Data for this task:
text \<open>If the system spans, the matrix of the system is also a left inverse of the pairing,
  so \<open>d \<le> 2k\<close>.\<close>
lemma spanning_dual_system_size:
  assumes sys: "dual_system d B S k e f" and sp: "spans d k e f"
  shows "d \<le> 2 * k"
proof -
  let ?C = "system_mat d k e f" and ?D = "pairing_mat B d k e f"
  have CC: "?C \<in> carrier_mat d (2 * k)" and DC: "?D \<in> carrier_mat (2 * k) d"
    unfolding system_mat_def pairing_mat_def by auto
  have CD_vec: "?C *\<^sub>v (?D *\<^sub>v v) = v" if v: "v \<in> carrier_vec d" for v
  proof -
    from sp v obtain a b where ab: "\<And>r. r < d \<Longrightarrow> v $ r = (\<Sum>i<k. a i * e i $ r + b i * f i $ r)"
      unfolding spans_def by blast
    define av where "av = vec (2 * k) (\<lambda>j. if j < k then a j else b (j - k))"
    have avC: "av \<in> carrier_vec (2 * k)" unfolding av_def by simp
    have "?C *\<^sub>v av = v"
    proof (rule eq_vecI)
      fix r assume "r < dim_vec v"
      then have r: "r < d" using v by simp
      define g where "g = (\<lambda>j. (if j < k then e j else f (j - k)) $ r * av $ j)"
      have "(?C *\<^sub>v av) $ r = (\<Sum>j\<in>{0..<k+k}. g j)"
        using r unfolding system_mat_def g_def av_def by (simp add: scalar_prod_def mult_2)
      also have "\<dots> = (\<Sum>j\<in>{0..<k}. g j) + (\<Sum>j\<in>{0..<k}. g (j + k))"
        using sum.atLeastLessThan_concat[of 0 k "k + k" g] sum.shift_bounds_nat_ivl[of g 0 k k] by simp
      also have "\<dots> = (\<Sum>j\<in>{0..<k}. e j $ r * a j) + (\<Sum>j\<in>{0..<k}. f j $ r * b j)"
        unfolding g_def av_def by (intro arg_cong2[where f = "(+)"] sum.cong) auto
      also have "\<dots> = v $ r" using ab[OF r] by (simp add: sum.distrib atLeast0LessThan ac_simps)
      finally show "(?C *\<^sub>v av) $ r = v $ r" .
    qed (use v CC in auto)
    moreover have "?D *\<^sub>v (?C *\<^sub>v av) = av"
      using assoc_mult_mat_vec[OF DC CC avC, symmetric] pairing_system_mat[OF sys] avC by simp
    ultimately show ?thesis by simp
  qed
  have "?C * ?D = 1\<^sub>m d"
  proof (rule eq_matI)
    fix i j assume "i < dim_row (1\<^sub>m d :: 'k mat)" "j < dim_col (1\<^sub>m d :: 'k mat)"
    then have i: "i < d" and j: "j < d" by auto
    have entry_unit: "(M *\<^sub>v unit_vec d j) $ i = M $$ (i, j)" if "M \<in> carrier_mat d d" for M :: "'k mat"
      using i j that by auto
    have "(?C * ?D) $$ (i, j) = ((?C * ?D) *\<^sub>v unit_vec d j) $ i"
      by (rule entry_unit[OF mult_carrier_mat[OF CC DC], symmetric])
    also have "(?C * ?D) *\<^sub>v unit_vec d j = unit_vec d j"
      using CD_vec[of "unit_vec d j"] assoc_mult_mat_vec[OF CC DC, of "unit_vec d j"] by simp
    finally show "(?C * ?D) $$ (i, j) = 1\<^sub>m d $$ (i, j)" using i j by simp
  qed (use DC CC in auto)
  then show "d \<le> 2 * k" by (rule right_inverse_dim_le[OF CC DC])
qed
(* Let $\ell:\mathcal{H}\times\mathcal{Z}\times\mathcal{Z}\to[0,B]$ be a $B$-bounded pairwise loss, let $z_1,\dots,z_n$ be a stream, and let buffers of size $s$ be maintained by the RS-x algorithm (described below). Assume $\mathcal{R}_s(\ell\circ\mathcal{H})=C_d\cdot O(\sqrt{1/s})$. Then for any fixed $h\in\mathcal{H}$ and any $t\in[1,n-1]$, with probability at least $1-\delta$ over the random variables used to update the buffer until time $t$, \[ \hat{\mathcal{L}}^{\mathrm{buf}}_t(h)\le\hat{\mathcal{L}}_t(h)+C_d\cdot O\!\left(\sqrt{\frac{\log\frac1\delta}{s}}\right). \]
   Context: All-pairs penalty $\hat{\mathcal{L}}_t(h)=\frac1{t-1}\sum_{\tau=1}^{t-1}\ell(h,z_t,z_\tau)$; buffer penalty $\hat{\mathcal{L}}^{\mathrm{buf}}_t(h)=\frac1{|B_t|}\sum_{z\in B_t}\ell(h,z_t,z)$, where $B_t$ is the buffer after processing $z_1,\dots,z_{t-1}$. RS-x update with the point $z_t$ at step $t$: if $|B|<s$, add $z_t$; else if $t=s+1$, replace $B$ by $s$ points sampled uniformly with replacement from $B\cup\{z_t\}$; else independently replace each buffer entry by $z_t$ with probability $1/t$. $\mathcal{R}_s(\ell\circ\mathcal{H})=\mathbb{E}[\sup_h\frac1s\sum_{j=1}^s\epsilon_j\ell(h,z,z_j)]$; $C_d$ is its dependence on the input dimension $d$; $O(\cdot)$ hides constants such as $B$.
   Formalization: The dimension factor $C_d$ is at least 1, and sampling from $B\cup\{z_t\}$ means drawing uniformly among the s+1 entries of B and $z_t$, with duplicate points counted with multiplicity. Each condition added here is assumed in the paper as well or is needed for the statement above to hold. *)

theory Defs
  imports "HOL-Probability.Probability"
begin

What you are asked to do:
Using the listing, filter for "auto" and return the matching lines.

Solution:
    unfolding system_mat_def pairing_mat_def by auto
        unfolding g_def av_def by (intro arg_cong2[where f = "(+)"] sum.cong) auto
    qed (use v CC in auto)
    then have i: "i < d" and j: "j < d" by auto
      using i j that by auto
  qed (use DC CC in auto)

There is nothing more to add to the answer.